* [WORK REQUEST]: Lines below starting with the line with "by (simp add: Int_insert_right)" and going on through the line with "p q = winner" must be output exactly; the rest of the records must be left out.

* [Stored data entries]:
===

lemma lvels_opp: "i < lQ L \<Longrightarrow> lvels L ! opp L i = map uminus (lvels L ! i)"
  by (simp add: opp_eq lvels_mirror)

lemma sum_opp_reindex: "(\<Sum>i<lQ L. g (opp L i)) = (\<Sum>i<lQ L. g i)"
proof -
  have "(\<Sum>i<lQ L. g (opp L i)) = (\<Sum>i<lQ L. g (lQ L - Suc i))"
    by (rule sum.cong) (simp_all add: opp_eq)
  also have "\<dots> = (\<Sum>i<lQ L. g i)"
    by (rule sum.nat_diff_reindex)
  finally show ?thesis .
qed

lemma H2_eq:
  "H2 L c i \<alpha> \<beta> = c\<^sup>2 * (of_int (lvels L ! i ! \<alpha> * lvels L ! i ! \<beta>) - of_bool (\<alpha> = \<beta>) / 3)"
  unfolding H2_def vel_def cs2_def by (simp add: algebra_simps power2_eq_square)

lemma H2_commute: "H2 L c i \<alpha> \<beta> = H2 L c i \<beta> \<alpha>"
  unfolding H2_def by (simp add: mult.commute)

lemma H2_opp:
  assumes "i < lQ L" "\<alpha> < ldim L" "\<beta> < ldim L"
  shows "H2 L c (opp L i) \<alpha> \<beta> = H2 L c i \<alpha> \<beta>"
  using assms by (simp add: H2_eq lvels_opp length_lvels_nth)

lemma wt_H2_fourth_moment:
  assumes "\<alpha> < ldim L" "\<beta> < ldim L" "\<gamma> < ldim L" "\<delta> < ldim L"
  shows "(\<Sum>i<lQ L. wt L i * H2 L c i \<alpha> \<beta> * H2 L c i \<gamma> \<delta>)
       = (cs2 c)\<^sup>2 * (of_bool (\<alpha> = \<gamma> \<and> \<beta> = \<delta>) + of_bool (\<alpha> = \<delta> \<and> \<beta> = \<gamma>))"
proof -
  have "(\<Sum>i<lQ L. wt L i * H2 L c i \<alpha> \<beta> * H2 L c i \<gamma> \<delta>)
      = c ^ 4 * (\<Sum>v\<leftarrow>lvels L. wclass L (nnz v) * (of_int (v!\<alpha> * v!\<beta>) - of_bool (\<alpha> = \<beta>) / 3)
                                             * (of_int (v!\<gamma> * v!\<delta>) - of_bool (\<gamma> = \<delta>) / 3))"
    by (simp add: sum_lvels_nth[symmetric] sum_distrib_left wt_def H2_eq power4_eq_xxxx power2_eq_square mult_ac)
  also have "\<dots> = c ^ 4 * (of_bool (\<alpha> = \<gamma> \<and> \<beta> = \<delta>) + of_bool (\<alpha> = \<delta> \<and> \<beta> = \<gamma>)) / 9"
    using lattice_fourth_moment[of L] assms by simp
  finally show ?thesis
    by (simp add: cs2_def power4_eq_xxxx power2_eq_square)
qed

lemma sum_delta_of_bool:
  "(\<gamma>::nat) < n \<Longrightarrow> (\<Sum>\<alpha><n. of_bool (\<alpha> = \<gamma>) * X \<alpha>) = (X \<gamma> :: 'a::comm_semiring_1)"
  by (simp add: Int_insert_right)

lemma sum_sum_delta_of_bool:
  "(\<gamma>::nat) < n \<Longrightarrow> \<delta> < n \<Longrightarrow>
    (\<Sum>\<alpha><n. \<Sum>\<beta><n. of_bool (\<alpha> = \<gamma> \<and> \<beta> = \<delta>) * X \<alpha> \<beta>) = (X \<gamma> \<delta> :: 'a::comm_semiring_1)"
  by (simp add: of_bool_conj mult.assoc sum_distrib_left[symmetric] sum_delta_of_bool
      del: sum_of_bool_mult_eq)

lemma winner_commute: "winner L p q = winner L q p"
  unfolding winner_def by (simp add: mult.commute)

===

* [REPLY TO THE TASK]:
  by (simp add: Int_insert_right)

lemma sum_sum_delta_of_bool:
  "(\<gamma>::nat) < n \<Longrightarrow> \<delta> < n \<Longrightarrow>
    (\<Sum>\<alpha><n. \<Sum>\<beta><n. of_bool (\<alpha> = \<gamma> \<and> \<beta> = \<delta>) * X \<alpha> \<beta>) = (X \<gamma> \<delta> :: 'a::comm_semiring_1)"
  by (simp add: of_bool_conj mult.assoc sum_distrib_left[symmetric] sum_delta_of_bool
      del: sum_of_bool_mult_eq)

lemma winner_commute: "winner L p q = winner L q p"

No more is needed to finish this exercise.